Orthodoxien: „Orthodoxien sind Glaubenssätze innerhalb einer Organisation. In der Strategieliteratur werden sie auch als Dominant Logic bezeichnet. Es handelt sich um unausgesprochene Annahmen, die sehr stark die Historie einer Organisation und ihrer ganzen Branche prägen (‚Jeder weiß doch, dass…“).“ Man könnte auch sagen, hier gelangen wir ins Reich der Mythen Mythos Management). Diese können erklären, warum die Täler im „10 Types of Innovation“-Chart entstanden sind: Weil es nämlich Denkverbote gibt! Was auch den Widerstand gegen die gerade entwickelten Ideen erklären kann. Werden die Tabus bewusst gemacht, beispielsweise durch Workshops, in denen die Mitarbeiter gezielt solche Tabus aufstöbern, und lässt man sich zudem bewusst auf das Risiko ein, gegen die Basic Assumptions zu verstoßen, kann sich die Tür für Innovation öffnen: Was wäre, wenn…?

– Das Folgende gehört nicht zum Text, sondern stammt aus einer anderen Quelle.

lemma (in group) inv_wreath_Zk:
  assumes "(g, y) \<in> carrier (wreath_Zk G k)"
  shows "inv\<^bsub>wreath_Zk G k\<^esub> (g, y) = (\<lambda>z. inv g (z + y), - y)"
  using group.inv_equality[OF group_wreath_Zk wreath_Zk_left_inverse(2)[OF assms] assms
      wreath_Zk_left_inverse(1)[OF assms]] .

lemma equiv_reid_rel:
  assumes "group H" and "\<phi> \<in> hom H H"
  shows "equiv (carrier H) (reid_rel H \<phi>)"
proof -
  interpret H: group H by (rule assms(1))
  interpret h: group_hom H H \<phi> using assms by (simp add: group_hom_def group_hom_axioms_def)
  show ?thesis
  proof (rule equivI)
    show "refl_on (carrier H) (reid_rel H \<phi>)"
      by (rule refl_onI) (auto simp: reid_rel_def intro!: bexI[of _ "\<one>\<^bsub>H\<^esub>"])
  next
    show "sym (reid_rel H \<phi>)"
    proof (rule symI)
      fix a b assume "(a, b) \<in> reid_rel H \<phi>"
      then obtain g where g: "a \<in> carrier H" "b \<in> carrier H" "g \<in> carrier H"
        and b: "b = g \<otimes>\<^bsub>H\<^esub> a \<otimes>\<^bsub>H\<^esub> \<phi> (inv\<^bsub>H\<^esub> g)"
        by (auto simp: reid_rel_def)
      have "a = inv\<^bsub>H\<^esub> g \<otimes>\<^bsub>H\<^esub> b \<otimes>\<^bsub>H\<^esub> \<phi> (inv\<^bsub>H\<^esub> (inv\<^bsub>H\<^esub> g))"
        using g by (simp add: b H.m_assoc flip: h.hom_mult) (simp add: H.m_assoc[symmetric])
      then show "(b, a) \<in> reid_rel H \<phi>"
        using g unfolding reid_rel_def by (auto intro!: bexI[of _ "inv\<^bsub>H\<^esub> g"])
    qed
  next
    show "trans (reid_rel H \<phi>)"
    proof (rule transI)
      fix a b c assume "(a, b) \<in> reid_rel H \<phi>" "(b, c) \<in> reid_rel H \<phi>"
      then obtain g h where gh: "a \<in> carrier H" "g \<in> carrier H" "h \<in> carrier H" "c \<in> carrier H"
        and b: "b = g \<otimes>\<^bsub>H\<^esub> a \<otimes>\<^bsub>H\<^esub> \<phi> (inv\<^bsub>H\<^esub> g)"
        and c: "c = h \<otimes>\<^bsub>H\<^esub> b \<otimes>\<^bsub>H\<^esub> \<phi> (inv\<^bsub>H\<^esub> h)"
        by (auto simp: reid_rel_def)
      have "c = (h \<otimes>\<^bsub>H\<^esub> g) \<otimes>\<^bsub>H\<^esub> a \<otimes>\<^bsub>H\<^esub> \<phi> (inv\<^bsub>H\<^esub> (h \<otimes>\<^bsub>H\<^esub> g))"
        using gh by (simp add: b c H.m_assoc H.inv_mult_group)
      then show "(a, c) \<in> reid_rel H \<phi>"
        using gh unfolding reid_rel_def by (auto intro!: bexI[of _ "h \<otimes>\<^bsub>H\<^esub> g"])
    qed
  qed (auto simp: reid_rel_def)
qed

lemma reid_relI:
  assumes "x \<in> carrier H" "g \<in> carrier H" "y = g \<otimes>\<^bsub>H\<^esub> x \<otimes>\<^bsub>H\<^esub> \<phi> (inv\<^bsub>H\<^esub> g)" "y \<in> carrier H"
  shows "(x, y) \<in> reid_rel H \<phi>"
  using assms by (auto simp: reid_rel_def)

lemma finite_reidemeisterI:
  assumes "group H" and "\<phi> \<in> hom H H" and "finite S"
    and "\<And>a. a \<in> carrier H \<Longrightarrow> \<exists>s\<in>S. (a, s) \<in> reid_rel H \<phi>"
  shows "finite_reidemeister H \<phi>"
proof -
  let ?R = "reid_rel H \<phi>"
  have eq: "equiv (carrier H) ?R" using equiv_reid_rel[OF assms(1,2)] .
  have "carrier H // ?R \<subseteq> (\<lambda>s. ?R `` {s}) ` S"
  proof
    fix C assume "C \<in> carrier H // ?R"
    then obtain a where a: "a \<in> carrier H" and C: "C = ?R `` {a}" by (auto elim: quotientE)
    then obtain s where "s \<in> S" "(a, s) \<in> ?R" using assms(4) by blast
    then show "C \<in> (\<lambda>s. ?R `` {s}) ` S"
      using C eq by (auto simp: equiv_class_eq)
  qed
  then show ?thesis
    unfolding finite_reidemeister_def using assms(3) by (auto intro: finite_subset)
qed

lemma funpow_hom: "f \<in> hom G G \<Longrightarrow> f ^^ n \<in> hom G G"
proof (induction n)
  case 0
  then show ?case by (simp add: hom_def)
next
  case (Suc n)
  then show ?case using hom_compose[of "f ^^ n" G G f G] by (simp only: funpow.simps)
qed

lemma hom_finprod:
  assumes "comm_group G" "comm_group H" "h \<in> hom G H" "f \<in> A \<rightarrow> carrier G"
  shows "h (finprod G f A) = finprod H (h \<circ> f) A"
proof -
  interpret G: comm_group G by (rule assms(1))
  interpret H: comm_group H by (rule assms(2))
  interpret h: group_hom G H h by (simp add: assms group_hom_def group_hom_axioms_def)
  show ?thesis
  proof (cases "finite A")
    case True
    from this assms(4) show ?thesis
      by (induction A rule: finite_induct) (auto simp: Pi_iff)
  qed (simp add: finprod_def)
qed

Future Deck: Dies ist eine spielerische Methode. „Das Future Deck-Set besteht aus ca. 150 Karten, die nach sieben Farbgruppen gekennzeichnet sind. Jede Farbgruppe repräsentiert eine bestimmte Perspektive wie z. B. Technologie, Wachstumschancen, Werte etc.“ Sogleich fühlt man sich an De Bonos 6-Hüte-Methode erinnert. Auf dem Hintergrund der strategischen Agenda des Unternehmens kann nun gezielt auf die Vision hingearbeitet werden. Gerade in kleinen moderierten Gruppen mit mehreren Wiederholungen und kontinuierlicher Fotodokumentation lassen sich, so der Autor, erstaunliche kreative Vorschläge entwickeln.
Umwege zulassen
Es zeigt sich, dass diese Methoden sehr gut aufeinander aufbauen. Besonders imponiert hat mir der Hinweis, dass der scheinbar kürzeste Weg von der Idee zur Umsetzung riskant ist und offenbar nicht selten in die Sackgasse führt. Erst der Umweg und „Boxen-Stopp“ bei den Orthodoxien eröffnet ein tiefes Verständnis für Widerstände und deren Rationalität (Psycho-Logik). Erst die bewusste Entscheidung für den Regelbruch ermöglicht den Verstoß gegen die Tabus und gibt die Erlaubnis, die Scheuklappen abzustreifen und Neuland zu betreten. Für mich spricht geläuterte Erfahrung (Weisheit) aus diesem Vorgehen.